EDITORIAL STANDARDS

How we decide what is real.

AI changes fast. Our method is designed to keep benchmark results, real-world evidence, interpretation and future scenarios from quietly blending together.

1. Start with a narrow question

Each research brief should investigate one question that can be answered with evidence available today. We prefer a small, useful question over a broad article that says little.

2. Prefer primary sources

We prioritize research papers, official datasets, benchmark creators, government or intergovernmental reports, and direct company documentation. Secondary reporting can add context but should not replace the strongest available source.

3. Label the evidence

KNOWN — directly supported by measured results or documented events.

UNCERTAIN — unresolved questions, limitations, conflicting evidence or missing data.

SPECULATION — plausible future possibilities that are not established facts.

4. Do not turn benchmarks into jobs

A benchmark score is evidence about performance in that benchmark. It is not automatically evidence about employment, economic impact, general intelligence or real-world autonomy. We explicitly state important scope limits.
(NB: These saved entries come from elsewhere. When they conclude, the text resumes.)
lemma expected_time_split:
  fixes h :: "nat \<Rightarrow> ennreal"
  assumes "\<And>n. n < d \<Longrightarrow> h n = 0"
  shows "(\<Sum>n. of_nat n * h n) = of_nat d * suminf h + (\<Sum>n. of_nat (n - d) * h n)"
proof -
  have "of_nat n * h n = of_nat d * h n + of_nat (n - d) * h n" for n
    using assms[of n] by (cases "n < d") (simp_all flip: distrib_right of_nat_add)
  then have "(\<Sum>n. of_nat n * h n) = (\<Sum>n. of_nat d * h n + of_nat (n - d) * h n)" by simp
  also have "\<dots> = (\<Sum>n. of_nat d * h n) + (\<Sum>n. of_nat (n - d) * h n)"
    by (rule suminf_add[symmetric]) auto
  finally show ?thesis by simp
qed

lemma discounted_sum_le_power:
  fixes h :: "nat \<Rightarrow> ennreal" and \<gamma> :: real
  assumes "\<And>n. n < d \<Longrightarrow> h n = 0" and "suminf h \<le> 1" and "0 \<le> \<gamma>" and "\<gamma> \<le> 1"
  shows "(\<Sum>n. ennreal (\<gamma> ^ n) * h n) \<le> ennreal (\<gamma> ^ d)"
proof -
  have "(\<Sum>n. ennreal (\<gamma> ^ n) * h n)
      \<le> (\<Sum>n. ennreal (\<gamma> ^ n) * h n) + (\<Sum>n. ennreal (\<gamma> ^ d - \<gamma> ^ n) * h n)"
    by simp
  also have "\<dots> = ennreal (\<gamma> ^ d) * suminf h"
    by (rule discounted_sum_split[OF assms(1,3,4), symmetric])
  also have "\<dots> \<le> ennreal (\<gamma> ^ d)"
    using mult_left_mono[OF assms(2)] by simp
  finally show ?thesis .
qed

lemma discounted_sum_eq_power_iff:
  fixes h :: "nat \<Rightarrow> ennreal" and \<gamma> :: real
  assumes zero_below: "\<And>n. n < d \<Longrightarrow> h n = 0" and mass: "suminf h \<le> 1"
    and "0 < \<gamma>" and "\<gamma> < 1"
  shows "(\<Sum>n. ennreal (\<gamma> ^ n) * h n) = ennreal (\<gamma> ^ d) \<longleftrightarrow> h d = 1"
proof -
  have discounted_point: "(\<Sum>n. ennreal (\<gamma> ^ n) * h n) = ennreal (\<gamma> ^ d) * h d"
    if "\<And>n. n \<noteq> d \<Longrightarrow> h n = 0"
    using suminf_finite[of "{d}" "\<lambda>n. ennreal (\<gamma> ^ n) * h n"] that by simp
  let ?V = "\<Sum>n. ennreal (\<gamma> ^ n) * h n"
  let ?R = "\<Sum>n. ennreal (\<gamma> ^ d - \<gamma> ^ n) * h n"
  show ?thesis
  proof
    assume V: "?V = ennreal (\<gamma> ^ d)"
    have "?V + ?R = ennreal (\<gamma> ^ d) * suminf h"
      using discounted_sum_split[OF zero_below] assms(3,4) by simp
    also have "\<dots> \<le> ?V + 0"
      using mult_left_mono[OF mass] V by simp
    finally have "?R = 0"
      using V by (simp add: ennreal_add_left_cancel_le)
    moreover have "ennreal (\<gamma> ^ d - \<gamma> ^ n) \<noteq> 0" if "d < n" for n
      using power_strict_decreasing[OF that assms(3,4)] by simp
    ultimately have "n \<noteq> d \<Longrightarrow> h n = 0" for n
      by (rule zero_off_point_if_weighted_excess_zero[OF _ _ zero_below])
    then have "ennreal (\<gamma> ^ d) * h d = ennreal (\<gamma> ^ d) * 1"
      using discounted_point V by simp
    then show "h d = 1"
      using zero_less_power[OF assms(3), of d] ennreal_mult_cancel_left[of "ennreal (\<gamma> ^ d)" "h d" 1]
      by (simp add: ennreal_eq_0_iff)
  next
    assume "h d = 1"
    then show "?V = ennreal (\<gamma> ^ d)"
      using discounted_point zero_off_point_if_point_mass_one[OF mass] by simp
  qed
qed

lemma top_mult_one_minus:
  fixes x :: ennreal
  assumes "x \<le> 1"
  shows "\<infinity> * (1 - x) = (if x = 1 then 0 else \<infinity>)"
  using assms by (auto simp: ennreal_top_mult diff_eq_0_iff_ennreal)
text \<open>A bound on graph_dist (a LEAST) carries no information unless some walk exists,
  so distance bounds are stated through the existence of a short walk.\<close>

definition reachable_within :: "'v set \<Rightarrow> ('v \<Rightarrow> 'v \<Rightarrow> bool) \<Rightarrow> nat \<Rightarrow> 'v \<Rightarrow> 'v \<Rightarrow> bool" where
  "reachable_within V E k u v \<longleftrightarrow> (\<exists>j\<le>k. walk_of_len V E u v j)"

lemma reachable_within_mono:
  "reachable_within V E k u v \<Longrightarrow> k \<le> k' \<Longrightarrow> reachable_within V E k' u v"
  unfolding reachable_within_def using order_trans by blast

lemma reachable_within_walk:
  assumes "is_walk V E xs" "hd xs = u" "last xs = v" "length xs \<le> Suc k"
  shows "reachable_within V E k u v"
  using assms unfolding reachable_within_def walk_of_len_def is_walk_def
  by (intro exI[of _ "length xs - 1"]) auto

lemma graph_dist_le:
  "reachable_within V E k u v \<Longrightarrow> graph_dist V E u v \<le> k"
  unfolding reachable_within_def graph_dist_def by (meson Least_le order_trans)

lemma graph_dist_ge_2:
  assumes "walk_of_len V E u v k" "u \<noteq> v" "\<not> E u v"
  shows "2 \<le> graph_dist V E u v"
proof -
  have "walk_of_len V E u v (graph_dist V E u v)"
    unfolding graph_dist_def using assms(1) by (rule LeastI)
  then obtain xs where xs: "is_walk V E xs" "hd xs = u" "last xs = v"
    "length xs = Suc (graph_dist V E u v)"
    unfolding walk_of_len_def by blast
  have "length xs \<noteq> 1"
    using xs(2,3) assms(2) by (auto simp: length_Suc_conv)
  moreover have "length xs \<noteq> 2"
    using xs(1-3) assms(2,3) by (auto simp: length_Suc_conv numeral_2_eq_2 is_walk_Cons_Cons)
  ultimately show ?thesis
    using xs(4) by linarith
qed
5. Treat predictions as conditional

When we discuss a future scenario, we try to state what evidence would make that scenario more or less plausible. We avoid invented probability percentages when the evidence cannot support them.

6. End with preparation

We prefer actions that remain useful across multiple futures: deeper domain knowledge, AI literacy, verification skill, financial flexibility, human relationships and ownership of useful work.

7. Correct the record

If a source is corrected, a statistic is superseded or our wording overstates the evidence, we should revise the page. Material changes should update the modification date where practical.